Proyek pembangunan yang bertumpuh pada pertumbuhan ekonomi memaksa petani untuk kehilangan banyak hal, tidak terkecuali nilai-nilai yang selama ini mengikat mereka dengan alam linkungannya. Pasca runtuhnya Rezim Soekarno yang ditandai dengan peristiwa berdarah telah merubah orientasi politik pertanian negara. Rezim Soekarno telah menerima kebangkrutan ekonomi dari pemerintahan kolonial, sehingga di awal kemerdekaan sampai menjelang kejatuhanya rezim ini Indonesia masih mengimpor beras. Kelangkaan beras yang diwariskan oleh Rezim Soekarno ini memaksa pemerintahan baru untuk melakukan perbaikan kesejahteraan rakyat. Sebagai rezim baru yang mengklaim anti tesis dari rezim sebelumnya, orde baru meperkenalkan proyek besar yang bernama Revolusi Hijau 3 . Revolusi hijau di tangan orde baru bukan hanya intensifikasi, tapi juga ekstensifikasi 4 . Komitmen untuk tidak merubah tatanan sosial masyarakat desa dalam Revolusi Hijau yang diperkenalkan oleh Rezim Soekarno dilanggar secara sistematis oleh Orde Baru. Swasembada pangan menjadi mitos baru mengalahkan mitos ideolagi politik yang menjadi maintream Rezim Soekarno. 2 . Lihat : Petani dan Penguasa, Dinamika Perjalanan Politik Agraria Indonesia oleh Noer Fauzi. 3 . Revolusi Hijau adalah istilah yang telah dikenal di Indonesia sejak tahun 1960-an. Pengertian istilah ini adalah suatu program intensifikasi pertanian tanaman pangan. Program ini mengenalkan dan meluaskan penggunaan teknolagi baru dalam teknik pertanian tanpa mengubah bangunan sosial pedesaan.
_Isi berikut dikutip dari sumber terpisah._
(* Let $\mathbb{K}$ be a non-Archimedean valued field with residue field $\mathfrak{r}$, and let $G$ be a discrete group. Set $R = \mathbb{F}_p$ if $\chi(\mathbb{K}) = p > 0$; $R = \mathbb{Q}$ if $\chi(\mathbb{K}) = \chi(\mathfrak{r}) = 0$; and $R = \mathbb{Z}$ if $\chi(\mathbb{K}) = 0$ and $\chi(\mathfrak{r}) = p > 0$. Let $n\ge 0$. If $H_n(G, R)$ is a finitely generated $R$-module, then the comparison map $c^n : H^n_b(G, \mathbb{K}) \to H^n(G, \mathbb{K})$ is surjective.
   Context: A non-Archimedean valued field is a field with an absolute value satisfying the ultrametric inequality; $\mathfrak{o}=\{|x|_\mathbb{K}\le1\}$, $\mathfrak{m}=\{|x|_\mathbb{K}<1\}$, residue field $\mathfrak{r}=\mathfrak{o}/\mathfrak{m}$, $\chi$ = characteristic. $H_n(G,R)$ is ordinary group homology with trivial coefficients. $\mathbb{K}$ is a trivial $G$-module. Bar resolution: $\overline{C}^0=\mathbb{K}$, $\overline{C}^n(G,\mathbb{K})$ = all maps $G^n\to\mathbb{K}$, $\overline{C}^n_b(G,\mathbb{K})$ = bounded such maps, with $\delta^nf(g_1,\dots,g_{n+1})=f(g_2,\dots,g_{n+1})+\sum_{i=1}^n(-1)^if(g_1,\dots,g_ig_{i+1},\dots,g_{n+1})+(-1)^{n+1}f(g_1,\dots,g_n)$. $H^\bullet(G,\mathbb{K})$ and $H^\bullet_b(G,\mathbb{K})$ are their cohomologies; the comparison map $c^n$ is induced by inclusion. *)

theory Defs
  imports Complex_Main "HOL-Algebra.Group"
begin

definition nonarch_abs :: "('k::field \<Rightarrow> real) \<Rightarrow> bool" where
  "nonarch_abs av \<longleftrightarrow>
     (\<forall>x. 0 \<le> av x) \<and> (\<forall>x. av x = 0 \<longleftrightarrow> x = 0) \<and>
     (\<forall>x y. av (x * y) = av x * av y) \<and>
     (\<forall>x y. av (x + y) \<le> max (av x) (av y))"

text \<open>Characteristic of the residue field o/m: the generator of the kernel of
  Z -> o/m, i.e. the least n > 0 with n*1 in m (note n*1 is always in o), or 0.\<close>
definition res_char :: "('k::field \<Rightarrow> real) \<Rightarrow> nat" where
  "res_char av = (if \<exists>n>0. av (of_nat n :: 'k) < 1
                  then (LEAST n. n > 0 \<and> av (of_nat n :: 'k) < 1) else 0)"

definition tuples :: "('g,'b) monoid_scheme \<Rightarrow> nat \<Rightarrow> 'g list set" where
  "tuples G m = {xs. length xs = m \<and> set xs \<subseteq> carrier G}"

definition face :: "('g,'b) monoid_scheme \<Rightarrow> nat \<Rightarrow> nat \<Rightarrow> 'g list \<Rightarrow> 'g list" where
  "face G m i xs =
     (if i = 0 then tl xs
      else if i = m then butlast xs
      else take (i - 1) xs @ [xs ! (i - 1) \<otimes>\<^bsub>G\<^esub> xs ! i] @ drop (i + 1) xs)"

definition cochain :: "('g,'b) monoid_scheme \<Rightarrow> nat \<Rightarrow> ('g list \<Rightarrow> 'k::field) \<Rightarrow> bool" where
  "cochain G n f \<longleftrightarrow> (\<forall>xs. xs \<notin> tuples G n \<longrightarrow> f xs = 0)"

definition bounded_cochain :: "('k::field \<Rightarrow> real) \<Rightarrow> ('g list \<Rightarrow> 'k) \<Rightarrow> bool" where
  "bounded_cochain av f \<longleftrightarrow> (\<exists>B. \<forall>xs. av (f xs) \<le> B)"

definition cobdry :: "('g,'b) monoid_scheme \<Rightarrow> nat \<Rightarrow> ('g list \<Rightarrow> 'k::field) \<Rightarrow> 'g list \<Rightarrow> 'k" where
  "cobdry G n f xs =
     (if xs \<in> tuples G (Suc n)
      then (\<Sum>i\<in>{0..Suc n}. (-1) ^ i * f (face G (Suc n) i xs)) else 0)"

text \<open>Surjectivity of the comparison map c^n : H^n_b(G,K) -> H^n(G,K): every
  ordinary n-cocycle is cohomologous (in the ordinary complex) to a bounded cocycle.\<close>
definition comparison_surj :: "('k::field \<Rightarrow> real) \<Rightarrow> ('g,'b) monoid_scheme \<Rightarrow> nat \<Rightarrow> bool" where
  "comparison_surj av G n \<longleftrightarrow>
     (\<forall>f::'g list \<Rightarrow> 'k. cochain G n f \<and> cobdry G n f = (\<lambda>_. 0) \<longrightarrow>
        (\<exists>b. cochain G n b \<and> bounded_cochain av b \<and> cobdry G n b = (\<lambda>_. 0) \<and>
             (if n = 0 then f = b
              else (\<exists>h. cochain G (n - 1) h \<and> (\<lambda>xs. f xs - b xs) = cobdry G (n - 1) h))))"

definition chain :: "('g,'b) monoid_scheme \<Rightarrow> nat \<Rightarrow> ('g list \<Rightarrow> 'r::comm_ring_1) \<Rightarrow> bool" where
  "chain G n c \<longleftrightarrow> finite {xs. c xs \<noteq> 0} \<and> {xs. c xs \<noteq> 0} \<subseteq> tuples G n"

definition bdry :: "('g,'b) monoid_scheme \<Rightarrow> nat \<Rightarrow> ('g list \<Rightarrow> 'r::comm_ring_1) \<Rightarrow> 'g list \<Rightarrow> 'r" where
  "bdry G n c ys =
     (\<Sum>xs\<in>{xs. c xs \<noteq> 0}. c xs * (\<Sum>i\<in>{i. i \<le> n \<and> face G n i xs = ys}. (-1) ^ i))"

definition cycle :: "('g,'b) monoid_scheme \<Rightarrow> nat \<Rightarrow> ('g list \<Rightarrow> 'r::comm_ring_1) \<Rightarrow> bool" where
  "cycle G n z \<longleftrightarrow> chain G n z \<and> (n = 0 \<or> bdry G n z = (\<lambda>_. 0))"

text \<open>H_n(G,R) = Z_n / B_n is a finitely generated R-module: finitely many cycles
  generate all cycles modulo boundaries of (n+1)-chains.\<close>
definition homology_fg :: "'r::comm_ring_1 itself \<Rightarrow> ('g,'b) monoid_scheme \<Rightarrow> nat \<Rightarrow> bool" where
  "homology_fg _ G n \<longleftrightarrow>
     (\<exists>F::('g list \<Rightarrow> 'r) set. finite F \<and> (\<forall>z\<in>F. cycle G n z) \<and>
        (\<forall>z. cycle G n z \<longrightarrow>
           (\<exists>a d. chain G (Suc n) d \<and>
              z = (\<lambda>xs. (\<Sum>w\<in>F. a w * w xs) + bdry G (Suc n) d xs))))"

end

theory Submission
  imports Defs "HOL-Number_Theory.Residues"
begin

text \<open>Let \<open>\<iota>\<close> be the injective ring map from \<open>R\<close> (\<open>\<int>/p\<close>, \<open>\<rat>\<close> or \<open>\<int>\<close>) into the
  valuation ring of \<open>K\<close>, and \<open>f\<close> an \<open>n\<close>-cocycle. Paired with \<open>R\<close>-chains through \<open>\<iota>\<close>, \<open>f\<close>
  vanishes on boundaries, so on cycles it only sees the finitely many generators of \<open>H\<^sub>n(G, R)\<close>;
  as \<open>|\<iota> r| \<le> 1\<close> and the absolute value is ultrametric, \<open>f\<close> is bounded on all cycles. Since
  \<open>R\<close> is a principal ideal domain, the boundaries in degree \<open>n - 1\<close> have a triangular
  generating system (for a well-order of the tuples), which yields an \<open>(n - 1)\<close>-cochain \<open>h\<close>
  such that \<open>f - \<delta>h\<close> evaluated at a tuple \<open>t\<close> is \<open>f\<close> paired with a cycle. Hence \<open>f - \<delta>h\<close>
  is a bounded cocycle cohomologous to \<open>f\<close>.\<close>

section \<open>The simplicial structure of the bar complex\<close>

lemma length_face:
  assumes "length xs = N" "i \<le> N" "N \<ge> 1"
  shows "length (face G N i xs) = N - 1"
  using assms by (auto simp: face_def)
definition adjacent :: "'a list \<Rightarrow> 'a list \<Rightarrow> bool" where
  "adjacent P P' \<longleftrightarrow> (\<exists>k. Suc k < length P \<and> P' = P[k := P ! Suc k, Suc k := P ! k])"

definition is_path :: "'a list set \<Rightarrow> 'a list list \<Rightarrow> bool" where
  "is_path D ps \<longleftrightarrow> ps \<noteq> [] \<and> distinct ps \<and> set ps \<subseteq> D \<and>
     (\<forall>k. Suc k < length ps \<longrightarrow> adjacent (ps ! k) (ps ! Suc k))"

definition path_between :: "'a list set \<Rightarrow> 'a list \<Rightarrow> 'a list \<Rightarrow> 'a list list \<Rightarrow> bool" where
  "path_between D P P' ps \<longleftrightarrow> is_path D ps \<and> hd ps = P \<and> last ps = P'"

definition connected_domain :: "'a list set \<Rightarrow> bool" where
  "connected_domain D \<longleftrightarrow> (\<forall>P\<in>D. \<forall>P'\<in>D. \<exists>ps. path_between D P P' ps)"

definition top_connected :: "'a list set \<Rightarrow> 'a list \<Rightarrow> 'a list \<Rightarrow> bool" where
  "top_connected D P P' \<longleftrightarrow> P \<in> D \<and> P' \<in> D \<and>
     (\<exists>ps. path_between D P P' ps \<and> (\<forall>Q\<in>set ps. top_alt Q = top_alt P))"

definition TCC :: "'a list set \<Rightarrow> 'a list \<Rightarrow> 'a list set" where
  "TCC D P = {P' \<in> D. top_connected D P P'} \<union> {P}"
lemma gap_free_within_consecutive:
  fixes L :: "nat list"
  assumes srt: "sorted L" and lo: "lo \<in> set L" and hi: "hi \<in> set L"
    and t: "lo \<le> t" "t < hi" and k: "t + k \<le> hi" "gap_free (set L) t k"
  obtains j where "Suc j < length L" "lo \<le> L ! j" "L ! Suc j \<le> hi" "k \<le> L ! Suc j - L ! j"
proof -
  define I where "I = {i. i < length L \<and> L ! i \<le> t}"
  obtain i0 where i0: "i0 < length L" "L ! i0 = lo" using lo by (auto simp: in_set_conv_nth)
  obtain ih where ih: "ih < length L" "L ! ih = hi" using hi by (auto simp: in_set_conv_nth)
  have finI: "finite I" unfolding I_def by auto
  have i0I: "i0 \<in> I" using i0 t unfolding I_def by auto
  define j where "j = Max I"
  have jI: "j \<in> I" unfolding j_def using Max_in[OF finI] i0I by blast
  have "j < ih"
  proof (rule ccontr)
    assume "\<not> j < ih"
    then have "L ! ih \<le> L ! j" using sorted_nth_mono[OF srt] jI unfolding I_def by auto
    then show False using jI ih t unfolding I_def by auto
  qed
  then have j1: "Suc j < length L" using ih by auto
  have "Suc j \<notin> I" using Max_ge[OF finI] unfolding j_def by fastforce
  then have "t < L ! Suc j" using j1 unfolding I_def by auto
  then have "t + k \<le> L ! Suc j" using k(2) j1 unfolding gap_free_def by force
  moreover have "L ! j \<le> t" using jI unfolding I_def by auto
  moreover have "L ! Suc j \<le> hi" using sorted_nth_mono[OF srt, of "Suc j" ih] \<open>j < ih\<close> ih by auto
  moreover have "lo \<le> L ! j" using sorted_nth_mono[OF srt, of i0 j] Max_ge[OF finI i0I] jI i0
    unfolding I_def j_def by auto
  ultimately show ?thesis using that j1 by auto
qed
lemma tendsto_one_minus_power_div:
  "((\<lambda>q::real. (1 - (-q) ^ a) / (1 + q)) \<longlongrightarrow> real a) (at (-1))"
proof -
  have "((\<lambda>q::real. \<Sum>i<a. (-q) ^ i) \<longlongrightarrow> (\<Sum>i<a. (-(-1::real)) ^ i)) (at (-1))"
    by (intro tendsto_intros)
  moreover have "(\<Sum>i<a. (-q) ^ i) = (1 - (-q) ^ a) / (1 + q)" if "q \<noteq> -1" for q :: real
    using one_diff_power_eq[of "-q" a] that by (simp add: field_simps)
  ultimately show ?thesis
    by (auto intro: Lim_transform_eventually simp: eventually_at_filter)
qed

lemma tendsto_one_minus_power_quotient:
  assumes "b > 0"
  shows "((\<lambda>q::real. (1 - (-q) ^ a) / (1 - (-q) ^ b)) \<longlongrightarrow> real a / real b) (at (-1))"
proof -
  have "((\<lambda>q::real. ((1 - (-q) ^ a) / (1 + q)) / ((1 - (-q) ^ b) / (1 + q))) \<longlongrightarrow> real a / real b) (at (-1))"
    using assms by (intro tendsto_divide tendsto_one_minus_power_div) auto
  moreover have "((1 - (-q) ^ a) / (1 + q)) / ((1 - (-q) ^ b) / (1 + q)) = (1 - (-q) ^ a) / (1 - (-q) ^ b)"
    if "q \<noteq> -1" for q :: real
    using that by (simp add: divide_simps)
  ultimately show ?thesis
    by (auto intro: Lim_transform_eventually simp: eventually_at_filter)
qed

lemma eventually_abs_neq_1_at_minus_1: "\<forall>\<^sub>F q in at (-1). \<bar>q :: real\<bar> \<noteq> 1"
proof -
  have "\<forall>\<^sub>F q in nhds (-1). q \<in> {-2<..<0::real}"
    by (rule eventually_nhds_in_open) auto
  then show ?thesis
    unfolding eventually_at_filter by (rule eventually_mono) auto
qed

lemma one_plus_odd_power_nonzero: "\<bar>q :: real\<bar> \<noteq> 1 \<Longrightarrow> 1 + q ^ (2 * j + 1) \<noteq> 0"
  using power_eq_1_iff[of "-q" "2 * j + 1"] by auto

lemma qpoch_minus_sq_Suc: "qpoch (-q) (q^2) (Suc n) = qpoch (-q) (q^2) n * (1 + q ^ (2 * n + 1))"
  by (simp add: qpoch_Suc power_mult[symmetric])

lemma qpoch_minus_sq_nonzero: "\<bar>q :: real\<bar> \<noteq> 1 \<Longrightarrow> qpoch (-q) (q^2) n \<noteq> 0"
  by (induction n) (simp_all add: qpoch_minus_sq_Suc one_plus_odd_power_nonzero[simplified])
(* Let $(X,d)$ be a complete $\mathrm{CAT}(0)$-space, $\Omega\subset X$ a bounded set satisfying Condition (TB) with constant $\mathbf m$, and $\varepsilon:=(6\mathbf m)^{-1}$. Let $\xi:[0,\ell)\to X$ be a self-contracted curve with $\xi([0,\ell))\subset\Omega$. Fix $\tau\in[0,\ell)$ and let $\bar\gamma_\tau\in\Sigma_{\xi(\tau)}X$ satisfy $\angle_{\xi(\tau)}(\bar\gamma_\tau,\gamma_{\xi(\tau)\xi(t)})\le\arccos(3\varepsilon)$ for all $t\in(\tau,\ell)$ with $\xi(t)\ne\xi(\tau)$ (such $\bar\gamma_\tau$ exists). For $\sigma>0$ let $$\Omega_{\tau,\sigma}:=\{x\in X:\ 0<d(\xi(\tau),x)<\sigma,\ \angle_{\xi(\tau)}(\gamma_{\xi(\tau)x},\bar\gamma_\tau)\ge\pi-2\arcsin(\varepsilon/2)\},$$ and for $x\in\Omega_{\tau,\sigma}$ let $V_x:=\gamma_{x\xi(\tau)}\in\Sigma_xX$. Then for all $T\in(\tau,\ell)$, $x\in\Omega_{\tau,\sigma}$ and $\gamma\in\Sigma_xX$ with $\angle_x(V_x,\gamma)\le2\arcsin(\varepsilon/2)$, $$\big|\Pi_\gamma(\Xi(T))\big|\le\big|\Pi_\gamma(\Xi(\tau))\big|-\frac{\varepsilon}{2}\,d\big(\xi(\tau),\xi(T)\big).$$
   Context: A geodesic metric space $(X,d)$ is a $\mathrm{CAT}(0)$-space if for all $x,y,z\in X$ and every minimal geodesic $\gamma$ from $y$ to $z$, $d^2(x,\gamma(s))\le(1-s)d^2(x,y)+sd^2(x,z)-(1-s)sd^2(y,z)$ for all $s\in[0,1]$; minimal geodesics are unique, denoted $\gamma_{xy}$. For geodesics $\gamma,\eta$ from $x$, $\angle_x(\gamma,\eta):=\lim_{s,t\to0}\tilde\angle[\gamma(s)x\eta(t)]$ with $\cos\tilde\angle[yxz]=\frac{d^2(x,y)+d^2(x,z)-d^2(y,z)}{2d(x,y)d(x,z)}$. The space of directions $\Sigma_xX$ is the completion, with respect to $\angle_x$, of $\{\gamma_{xy}:y\ne x\}$ modulo $\angle_x=0$. The tangent cone $C_xX$ is the Euclidean cone $(\Sigma_xX\times[0,\infty))/(\Sigma_xX\times\{0\})$ with origin $o_x$ and metric $d_x((\gamma,s),(\eta,t))=\sqrt{s^2+t^2-2st\cos\angle_x(\gamma,\eta)}$. Define $\log_x:X\to C_xX$, $\log_x(y)=(\gamma_{xy},d(x,y))$ ($\log_x(x)=o_x$); for $\gamma\in\Sigma_xX$, $P_\gamma:C_xX\to\mathbb{R}$, $P_\gamma((\eta,s))=s\cos\angle_x(\gamma,\eta)$, $P_\gamma(o_x)=0$; for $\Xi\subset X$, $\Pi_\gamma(\Xi)$ is the smallest closed interval containing $P_\gamma(\log_x(\Xi))$, and $|\cdot|$ is Lebesgue measure. Condition (TB) on $\Omega$ with constant $\mathbf m$: for every $x\in\Omega$, every subset $\Delta\subset\Sigma_xX$ with $\angle_x(\gamma,\eta)\ge\pi/3$ for all distinct $\gamma,\eta\in\Delta$ has cardinality at most $\mathbf m$. A map $\xi:[0,\ell)\to X$ (not necessarily continuous) is self-contracted if $d(\xi(t_2),\xi(t_3))\le d(\xi(t_1),\xi(t_3))$ for all $0\le t_1\le t_2\le t_3<\ell$; $\Xi(t):=\xi([t,\ell))$. *)

theory Defs
  imports "HOL-Analysis.Analysis"
begin

(* The CAT(0) space X is the whole (nonempty) type 'a; completeness is the
   type class complete_space. *)

definition geodesic_path :: "(real \<Rightarrow> 'a::metric_space) \<Rightarrow> 'a \<Rightarrow> 'a \<Rightarrow> bool" where
  "geodesic_path g y z \<longleftrightarrow> g 0 = y \<and> g 1 = z \<and>
     (\<forall>s\<in>{0..1}. \<forall>t\<in>{0..1}. dist (g s) (g t) = \<bar>s - t\<bar> * dist y z)"

definition CAT0 :: "'a::metric_space itself \<Rightarrow> bool" where
  "CAT0 _ \<longleftrightarrow> (\<forall>y z::'a. \<exists>g. geodesic_path g y z) \<and>
     (\<forall>x y z::'a. \<forall>g. geodesic_path g y z \<longrightarrow>
        (\<forall>s\<in>{0..1}. (dist x (g s))\<^sup>2 \<le> (1 - s) * (dist x y)\<^sup>2 + s * (dist x z)\<^sup>2
                                 - (1 - s) * s * (dist y z)\<^sup>2))"

(* the (unique, in a CAT(0) space) minimal geodesic gamma_{yz} *)
definition geod :: "'a::metric_space \<Rightarrow> 'a \<Rightarrow> real \<Rightarrow> 'a" where
  "geod y z = (SOME g. geodesic_path g y z)"

definition cmp_angle :: "'a::metric_space \<Rightarrow> 'a \<Rightarrow> 'a \<Rightarrow> real" where
  "cmp_angle x y z = arccos (((dist x y)\<^sup>2 + (dist x z)\<^sup>2 - (dist y z)\<^sup>2) / (2 * dist x y * dist x z))"

definition ang :: "'a::metric_space \<Rightarrow> 'a \<Rightarrow> 'a \<Rightarrow> real" where
  "ang x y z = Lim (at_right 0 \<times>\<^sub>F at_right 0)
       (\<lambda>(s,t). cmp_angle x (geod x y s) (geod x z t))"

(* Space of directions Sigma_x X = completion of {gamma_{xy} : y \<noteq> x} w.r.t. the
   angle pseudometric, modulo angle 0.  An element is represented by a Cauchy
   sequence (w.r.t. the angle) of points y_n \<noteq> x; the direction gamma_{xy} is
   represented by the constant sequence (\<lambda>_. y).  All notions below depend only on
   the equivalence class. *)
definition dirs :: "'a::metric_space \<Rightarrow> (nat \<Rightarrow> 'a) set" where
  "dirs x = {u. (\<forall>n. u n \<noteq> x) \<and>
      (\<forall>e>0. \<exists>N. \<forall>m\<ge>N. \<forall>n\<ge>N. ang x (u m) (u n) < e)}"

definition dang :: "'a::metric_space \<Rightarrow> (nat \<Rightarrow> 'a) \<Rightarrow> (nat \<Rightarrow> 'a) \<Rightarrow> real" where
  "dang x u v = lim (\<lambda>n. ang x (u n) (v n))"

definition dir :: "'a \<Rightarrow> nat \<Rightarrow> 'a" where
  "dir y = (\<lambda>_. y)"

definition Plog :: "'a::metric_space \<Rightarrow> (nat \<Rightarrow> 'a) \<Rightarrow> 'a \<Rightarrow> real" where
  "Plog x g y = (if y = x then 0 else dist x y * cos (dang x g (dir y)))"

definition PiInt :: "'a::metric_space \<Rightarrow> (nat \<Rightarrow> 'a) \<Rightarrow> 'a set \<Rightarrow> real set" where
  "PiInt x g S = \<Inter>{{a..b} | a b. Plog x g ` S \<subseteq> {a..b}}"

definition TB :: "'a::metric_space set \<Rightarrow> nat \<Rightarrow> bool" where
  "TB \<Omega> m \<longleftrightarrow> (\<forall>x\<in>\<Omega>. \<forall>\<Delta>. \<Delta> \<subseteq> dirs x \<and>
      (\<forall>g\<in>\<Delta>. \<forall>h\<in>\<Delta>. g \<noteq> h \<longrightarrow> dang x g h \<ge> pi / 3)
      \<longrightarrow> finite \<Delta> \<and> card \<Delta> \<le> m)"

definition self_contracted :: "(real \<Rightarrow> 'a::metric_space) \<Rightarrow> real \<Rightarrow> bool" where
  "self_contracted \<xi> l \<longleftrightarrow> (\<forall>t1 t2 t3. 0 \<le> t1 \<and> t1 \<le> t2 \<and> t2 \<le> t3 \<and> t3 < l \<longrightarrow>
       dist (\<xi> t2) (\<xi> t3) \<le> dist (\<xi> t1) (\<xi> t3))"

definition Xi :: "(real \<Rightarrow> 'a) \<Rightarrow> real \<Rightarrow> real \<Rightarrow> 'a set" where
  "Xi \<xi> l t = \<xi> ` {t..<l}"

definition Omega_ts :: "'a::metric_space \<Rightarrow> (nat \<Rightarrow> 'a) \<Rightarrow> real \<Rightarrow> real \<Rightarrow> 'a set" where
  "Omega_ts p gb \<epsilon> \<sigma> = {x. 0 < dist p x \<and> dist p x < \<sigma> \<and>
       dang p (dir x) gb \<ge> pi - 2 * arcsin (\<epsilon> / 2)}"

end

theory Submission
  imports Defs
begin

text \<open>Write \<open>p = \<xi>(\<tau>)\<close>. Every later point \<open>y = \<xi>(t)\<close>, \<open>t \<ge> T\<close>, is seen from \<open>p\<close> within
  \<open>arccos 3\<epsilon>\<close> of the direction \<open>gb\<close>, whereas \<open>x\<close> is seen almost opposite to it; by the triangle
  inequality for angles the angle at \<open>p\<close> of the triangle \<open>x p y\<close> is at least
  \<open>\<pi> - 2 arcsin (\<epsilon>/2) - arccos 3\<epsilon>\<close>. In a CAT(0) space angles are bounded by the angles of
  the Euclidean comparison triangle, and planar trigonometry then shows that the projection
  \<open>P\<^sub>\<gamma>(log\<^sub>x y)\<close> exceeds \<open>P\<^sub>\<gamma>(log\<^sub>x p)\<close> by at least \<open>\<epsilon> d(p,y)\<close>, which by self-contraction is
  at least \<open>(\<epsilon>/2) d(p, \<xi>(T))\<close>. Hence \<open>\<Pi>\<^sub>\<gamma>(\<Xi>(T))\<close> lies that far above the point
  \<open>P\<^sub>\<gamma>(log\<^sub>x p)\<close> of \<open>\<Pi>\<^sub>\<gamma>(\<Xi>(\<tau>)) \<supseteq> \<Pi>\<^sub>\<gamma>(\<Xi>(T))\<close>.\<close>

section \<open>Plane trigonometry\<close>

definition tri_cos :: "real \<Rightarrow> real \<Rightarrow> real \<Rightarrow> real" where
  "tri_cos a b c = (a\<^sup>2 + b\<^sup>2 - c\<^sup>2) / (2 * a * b)"

definition tri_side :: "real \<Rightarrow> real \<Rightarrow> real \<Rightarrow> real" where
  "tri_side a b \<gamma> = sqrt (a\<^sup>2 + b\<^sup>2 - 2 * a * b * cos \<gamma>)"

lemma tri_cos_bounds:
  assumes "a > 0" "b > 0" "\<bar>a - b\<bar> \<le> c" "c \<le> a + b"
  shows "-1 \<le> tri_cos a b c" "tri_cos a b c \<le> 1"
proof -
  have ab: "2 * a * b > 0" using assms by simp
  have "c\<^sup>2 \<le> (a + b)\<^sup>2" using assms by (intro power_mono) auto
  then show "-1 \<le> tri_cos a b c"
    unfolding tri_cos_def using ab by (simp add: field_simps power2_eq_square)
  have "(a - b)\<^sup>2 \<le> c\<^sup>2" using assms by (metis abs_le_square_iff abs_of_nonneg abs_ge_zero order_trans)
  then show "tri_cos a b c \<le> 1"
    unfolding tri_cos_def using ab by (simp add: field_simps power2_eq_square)
qed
Lihat Noer Fauzi. Hal 164. 4 . Ekstensifikasi merupakan program pertanian yang berusaha untuk membuka lahan baru dalam rangka meningkatkan swasembada pangan pertumbuhan ekonomi. Oleh Rezim Soeharto proyek ini diterjemahkan lewat program transmigrasi. Transmigrasi bukan lagi proyek untuk meningkatkan kesejahteraan rakyat, tapi menjadi tumpuhan target pembangunan. Proyek transmigrasi ini menempati 10 hutan hujan dunia yang ada di Indonesia dan proyek Perkebunan Inti Rakyat nucleus astate project sebagai bagian transmigrasi juga mengancam hutan tropis Indonesia. Lihat : Menggadaikan Bumi oleh Bruce Rich. Hal 45.